Requirement ->
Scan the data, and whenever a line contains "moreover", copy it.

Study material ->
(* Let $Q$ be a probability distribution on the partition space $\mathcal{P}$ and let $X_1,\dots,X_n$ be drawn i.i.d. from $Q$ (for each $n$). Suppose that $\rho:\mathcal{P}\times\mathcal{P}\to\mathbb{R}$ is continuous in both arguments with respect to $\delta_2$. Then (1) $D(\mathcal{F}_n,\mathcal{F}_Q)\to0$ almost surely, and (2) $V_n\to V_Q$ almost surely, as $n\to\infty$.
   Context: Fix $1\le\ell\le m$. $\mathcal{X} = \{\mathbf{X}\in[0,1]^{\ell\times m} : \mathbf{X}^T\mathbf{1}_\ell = \mathbf{1}_m\}$; $\Pi$ is the group of $\ell\times\ell$ permutation matrices acting by left multiplication; the partition space $\mathcal{P}=\mathcal{X}/\Pi$ is the set of orbits $X=\{\mathbf{P}\mathbf{X}:\mathbf{P}\in\Pi\}$. The metric $\delta_2$ on $\mathcal{P}$ is $\delta_2(X,Y)=\min\{\|\mathbf{X}-\mathbf{Y}\|_2:\mathbf{X}\in X,\mathbf{Y}\in Y\}$ with $\|\cdot\|_2$ the Frobenius norm. For subsets $\mathcal{U},\mathcal{V}\subseteq\mathcal{P}$, $D(\mathcal{U},\mathcal{V})=\sup_{X\in\mathcal{U}}\inf_{Y\in\mathcal{V}}\delta_2(X,Y)$. The Fréchet function of the sample is $F_n(Z)=\frac1n\sum_{i=1}^n\rho(X_i,Z)$, $V_n=\inf_Z F_n(Z)$, $\mathcal{F}_n$ the set of minimizers of $F_n$; the expected Fréchet function is $F_Q(Z)=\int_{\mathcal{P}}\rho(X,Z)\,dQ(X)$, $V_Q=\inf_Z F_Q(Z)$, $\mathcal{F}_Q$ the set of minimizers of $F_Q$. *)

theory Defs
  imports "HOL-Probability.Probability"
begin

text \<open>Matrices in [0,1]^(l x m) with rows indexed by 'l and columns by 'm;
  entry (i,j) is X $ i $ j.  The Frobenius norm is the norm on real^'m^'l.\<close>

definition Xspace :: "(real^'m^'l) set" where
  "Xspace = {X. (\<forall>i j. 0 \<le> X $ i $ j \<and> X $ i $ j \<le> 1) \<and>
                 (\<forall>j. (\<Sum>i\<in>UNIV. X $ i $ j) = 1)}"

definition perm_matrices :: "(real^'l^'l) set" where
  "perm_matrices = {P. \<exists>\<sigma>. \<sigma> permutes (UNIV :: 'l set) \<and>
                        P = (\<chi> i j. if \<sigma> i = j then 1 else 0)}"

definition orbit :: "real^'m^'l \<Rightarrow> (real^'m^'l) set" where
  "orbit X = {P ** X | P. P \<in> perm_matrices}"

definition Pspace :: "(real^'m^'l) set set" where
  "Pspace = orbit ` Xspace"

definition delta2 :: "(real^'m^'l) set \<Rightarrow> (real^'m^'l) set \<Rightarrow> real" where
  "delta2 A B = Inf {norm (X - Y) | X Y. X \<in> A \<and> Y \<in> B}"

definition Dhaus :: "(real^'m^'l) set set \<Rightarrow> (real^'m^'l) set set \<Rightarrow> real" where
  "Dhaus U V = (SUP X\<in>U. INF Y\<in>V. delta2 X Y)"

definition Popen :: "(real^'m^'l) set set \<Rightarrow> bool" where
  "Popen U \<longleftrightarrow> U \<subseteq> Pspace \<and>
     (\<forall>x\<in>U. \<exists>e>0. \<forall>y\<in>Pspace. delta2 x y < e \<longrightarrow> y \<in> U)"

definition Pborel :: "(real^'m^'l) set measure" where
  "Pborel = sigma Pspace {U. Popen U}"

definition rho_continuous :: "((real^'m^'l) set \<Rightarrow> (real^'m^'l) set \<Rightarrow> real) \<Rightarrow> bool" where
  "rho_continuous \<rho> \<longleftrightarrow>
     (\<forall>A\<in>Pspace. \<forall>B\<in>Pspace. \<forall>e>0. \<exists>d>0. \<forall>A'\<in>Pspace. \<forall>B'\<in>Pspace.
        delta2 A A' < d \<and> delta2 B B' < d \<longrightarrow> \<bar>\<rho> A' B' - \<rho> A B\<bar> < e)"

text \<open>Sample Frechet function F_n(Z) = (1/n) sum_{i=1}^n rho(X_i,Z) (sample indexed from 0).\<close>
definition Fn :: "((real^'m^'l) set \<Rightarrow> (real^'m^'l) set \<Rightarrow> real) \<Rightarrow> (nat \<Rightarrow> (real^'m^'l) set)
                   \<Rightarrow> nat \<Rightarrow> (real^'m^'l) set \<Rightarrow> real" where
  "Fn \<rho> xs n Z = (1 / real n) * (\<Sum>i<n. \<rho> (xs i) Z)"

definition Vn where
  "Vn \<rho> xs n = (INF Z\<in>Pspace. Fn \<rho> xs n Z)"

definition Fn_set where
  "Fn_set \<rho> xs n = {Z\<in>Pspace. Fn \<rho> xs n Z = Vn \<rho> xs n}"

definition FQ :: "((real^'m^'l) set \<Rightarrow> (real^'m^'l) set \<Rightarrow> real) \<Rightarrow> (real^'m^'l) set measure
                   \<Rightarrow> (real^'m^'l) set \<Rightarrow> real" where
  "FQ \<rho> Q Z = (\<integral>X. \<rho> X Z \<partial>Q)"

definition VQ where
  "VQ \<rho> Q = (INF Z\<in>Pspace. FQ \<rho> Q Z)"

definition FQ_set where
  "FQ_set \<rho> Q = {Z\<in>Pspace. FQ \<rho> Q Z = VQ \<rho> Q}"

end

theory Submission
  imports Defs
begin

text \<open>
  For a fixed orbit Z, Fn(Z) is a sample mean of the bounded i.i.d. variables rho(X_i, Z), so it
  converges almost surely to FQ(Z) (Hoeffding plus Borel-Cantelli), simultaneously for all orbits
  of a countable dense set of matrices. Since rho is uniformly continuous on the compact matrix
  space, the functions Y \<mapsto> Fn(orbit Y) are equicontinuous, which upgrades this to uniform
  convergence. The rest is deterministic: uniform convergence of continuous functions on a compact
  set makes the minima converge, and eventually every minimiser of Fn lies within r of a minimiser
  of FQ, because away from the minimisers FQ stays a positive amount above its minimum.
\<close>

section \<open>Uniform limits of functions on compact sets\<close>

lemma abs_INF_diff_le:
  fixes f g :: "'a \<Rightarrow> real"
  assumes "A \<noteq> {}" "bdd_below (f ` A)" "bdd_below (g ` A)" "\<And>x. x \<in> A \<Longrightarrow> \<bar>f x - g x\<bar> \<le> e"
  shows "\<bar>(INF x\<in>A. f x) - (INF x\<in>A. g x)\<bar> \<le> e"
proof -
  have "(INF x\<in>A. f x) - e \<le> g x" if "x \<in> A" for x
    using cINF_lower[OF assms(2) that] assms(4)[OF that] by linarith
  then have "(INF x\<in>A. f x) - e \<le> (INF x\<in>A. g x)"
    by (rule cINF_greatest[OF assms(1)])
  moreover have "(INF x\<in>A. g x) - e \<le> f x" if "x \<in> A" for x
    using cINF_lower[OF assms(3) that] assms(4)[OF that] by linarith
  then have "(INF x\<in>A. g x) - e \<le> (INF x\<in>A. f x)"
    by (rule cINF_greatest[OF assms(1)])
  ultimately show ?thesis by linarith
qed

lemma continuous_on_compact_INF_attained:
  fixes f :: "'a::topological_space \<Rightarrow> real"
  assumes "compact K" "K \<noteq> {}" "continuous_on K f"
  obtains x where "x \<in> K" "f x = (INF y\<in>K. f y)"
proof -
  obtain x where "x \<in> K" "\<And>y. y \<in> K \<Longrightarrow> f x \<le> f y"
    using continuous_attains_inf[OF assms] by blast
  then have "(INF y\<in>K. f y) = f x"
    by (intro cInf_eq_minimum) auto
  then show ?thesis
    using that \<open>x \<in> K\<close> by simp
qed

lemma bdd_below_continuous_image:
  fixes f :: "'a::topological_space \<Rightarrow> real"
  assumes "compact K" "continuous_on K f"
  shows "bdd_below (f ` K)"
  using assms by (intro bounded_imp_bdd_below compact_imp_bounded compact_continuous_image)

lemma tendsto_INF_uniform_limit:
  fixes f :: "nat \<Rightarrow> 'a::topological_space \<Rightarrow> real"
  assumes "compact K" "K \<noteq> {}" "\<And>n. continuous_on K (f n)" "continuous_on K g"
    and "uniform_limit K f g sequentially"
  shows "(\<lambda>n. INF x\<in>K. f n x) \<longlonglongrightarrow> (INF x\<in>K. g x)"
proof (rule tendstoI)
  fix e :: real
  assume "e > 0"
  then have "\<forall>\<^sub>F n in sequentially. \<forall>x\<in>K. dist (f n x) (g x) < e / 2"
    using assms(5) by (intro uniform_limitD) simp_all
  then show "\<forall>\<^sub>F n in sequentially. dist (INF x\<in>K. f n x) (INF x\<in>K. g x) < e"
  proof (rule eventually_mono)
    fix n
    assume "\<forall>x\<in>K. dist (f n x) (g x) < e / 2"
    then have "\<bar>(INF x\<in>K. f n x) - (INF x\<in>K. g x)\<bar> \<le> e / 2"
      using assms by (intro abs_INF_diff_le bdd_below_continuous_image) (auto simp: dist_real_def)
    then show "dist (INF x\<in>K. f n x) (INF x\<in>K. g x) < e"
      using \<open>e > 0\<close> by (simp add: dist_real_def)
  qed
qed

lemma continuous_on_compact_argmin_gap:
  fixes g :: "'a::metric_space \<Rightarrow> real"
  assumes "compact K" "continuous_on K g" "r > 0"
  obtains \<gamma> where "\<gamma> > 0"
    "\<And>x. x \<in> K \<Longrightarrow> g x < (INF z\<in>K. g z) + \<gamma> \<Longrightarrow> \<exists>y\<in>K. g y = (INF z\<in>K. g z) \<and> dist x y < r"
proof -
  define C where "C = {y\<in>K. g y = (INF z\<in>K. g z)}"
  define K' where "K' = {x\<in>K. \<forall>y\<in>C. r \<le> dist x y}"
  have near: "\<exists>y\<in>K. g y = (INF z\<in>K. g z) \<and> dist x y < r" if "x \<in> K" "x \<notin> K'" for x
    using that unfolding K'_def C_def by auto
  show ?thesis
  proof (cases "K' = {}")
    case True
    show ?thesis
      by (rule that[of 1]) (use True near in auto)
  next
    case False
    have "K' = K \<inter> (\<Inter>y\<in>C. {x. r \<le> dist x y})"
      unfolding K'_def by auto
    moreover have "closed (\<Inter>y\<in>C. {x. r \<le> dist x y})"
      by (intro closed_INT ballI closed_Collect_le continuous_intros)
    ultimately have "compact K'"
      using assms(1) by (simp add: compact_Int_closed)
    moreover have "continuous_on K' g"
      using assms(2) by (rule continuous_on_subset) (auto simp: K'_def)
    ultimately obtain x1 where x1: "x1 \<in> K'" "\<And>x. x \<in> K' \<Longrightarrow> g x1 \<le> g x"
      using continuous_attains_inf[OF _ False] by blast
    have "x1 \<notin> C"
      using x1(1) assms(3) unfolding K'_def by force
    moreover have "(INF z\<in>K. g z) \<le> g x1"
      using x1(1) bdd_below_continuous_image[OF assms(1,2)] unfolding K'_def by (auto intro: cINF_lower)
    ultimately have gap: "(INF z\<in>K. g z) < g x1"
      using x1(1) unfolding C_def K'_def by force
    show ?thesis
    proof (rule that[of "g x1 - (INF z\<in>K. g z)"])
      show "g x1 - (INF z\<in>K. g z) > 0"
        using gap by simp
      fix x
      assume "x \<in> K" "g x < (INF z\<in>K. g z) + (g x1 - (INF z\<in>K. g z))"
      then show "\<exists>y\<in>K. g y = (INF z\<in>K. g z) \<and> dist x y < r"
        using near x1(2) by force
    qed
  qed
qed

lemma eventually_argmin_near_argmin:
  fixes f :: "nat \<Rightarrow> 'a::metric_space \<Rightarrow> real"
  assumes "compact K" "K \<noteq> {}" "\<And>n. continuous_on K (f n)" "continuous_on K g"
    and "uniform_limit K f g sequentially" "r > 0"
  shows "\<forall>\<^sub>F n in sequentially. \<forall>x\<in>K. f n x = (INF z\<in>K. f n z) \<longrightarrow>
           (\<exists>y\<in>K. g y = (INF z\<in>K. g z) \<and> dist x y < r)"
proof -
  obtain \<gamma> where "\<gamma> > 0" and \<gamma>: "\<And>x. x \<in> K \<Longrightarrow> g x < (INF z\<in>K. g z) + \<gamma> \<Longrightarrow>
      \<exists>y\<in>K. g y = (INF z\<in>K. g z) \<and> dist x y < r"
    using continuous_on_compact_argmin_gap[OF assms(1,4,6)] by blast
  have "\<forall>\<^sub>F n in sequentially. \<forall>x\<in>K. dist (f n x) (g x) < \<gamma> / 2"
    using assms(5) \<open>\<gamma> > 0\<close> by (intro uniform_limitD) simp_all
  moreover have "\<forall>\<^sub>F n in sequentially. dist (INF z\<in>K. f n z) (INF z\<in>K. g z) < \<gamma> / 2"
    using tendsto_INF_uniform_limit[OF assms(1-5)] \<open>\<gamma> > 0\<close> by (intro tendstoD) simp_all
  ultimately show ?thesis
  proof eventually_elim
    case (elim n)
    have "g x < (INF z\<in>K. g z) + \<gamma>" if "x \<in> K" "f n x = (INF z\<in>K. f n z)" for x
      using elim(1)[rule_format, OF that(1)] elim(2) that(2) unfolding dist_real_def abs_less_iff by linarith
    then show ?case
      using \<gamma> by blast
  qed
qed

Solution to the problem ->
  moreover have "(INF x\<in>A. g x) - e \<le> f x" if "x \<in> A" for x
    moreover have "closed (\<Inter>y\<in>C. {x. r \<le> dist x y})"
    moreover have "continuous_on K' g"
    moreover have "(INF z\<in>K. g z) \<le> g x1"
  moreover have "\<forall>\<^sub>F n in sequentially. dist (INF z\<in>K. f n z) (INF z\<in>K. g z) < \<gamma> / 2"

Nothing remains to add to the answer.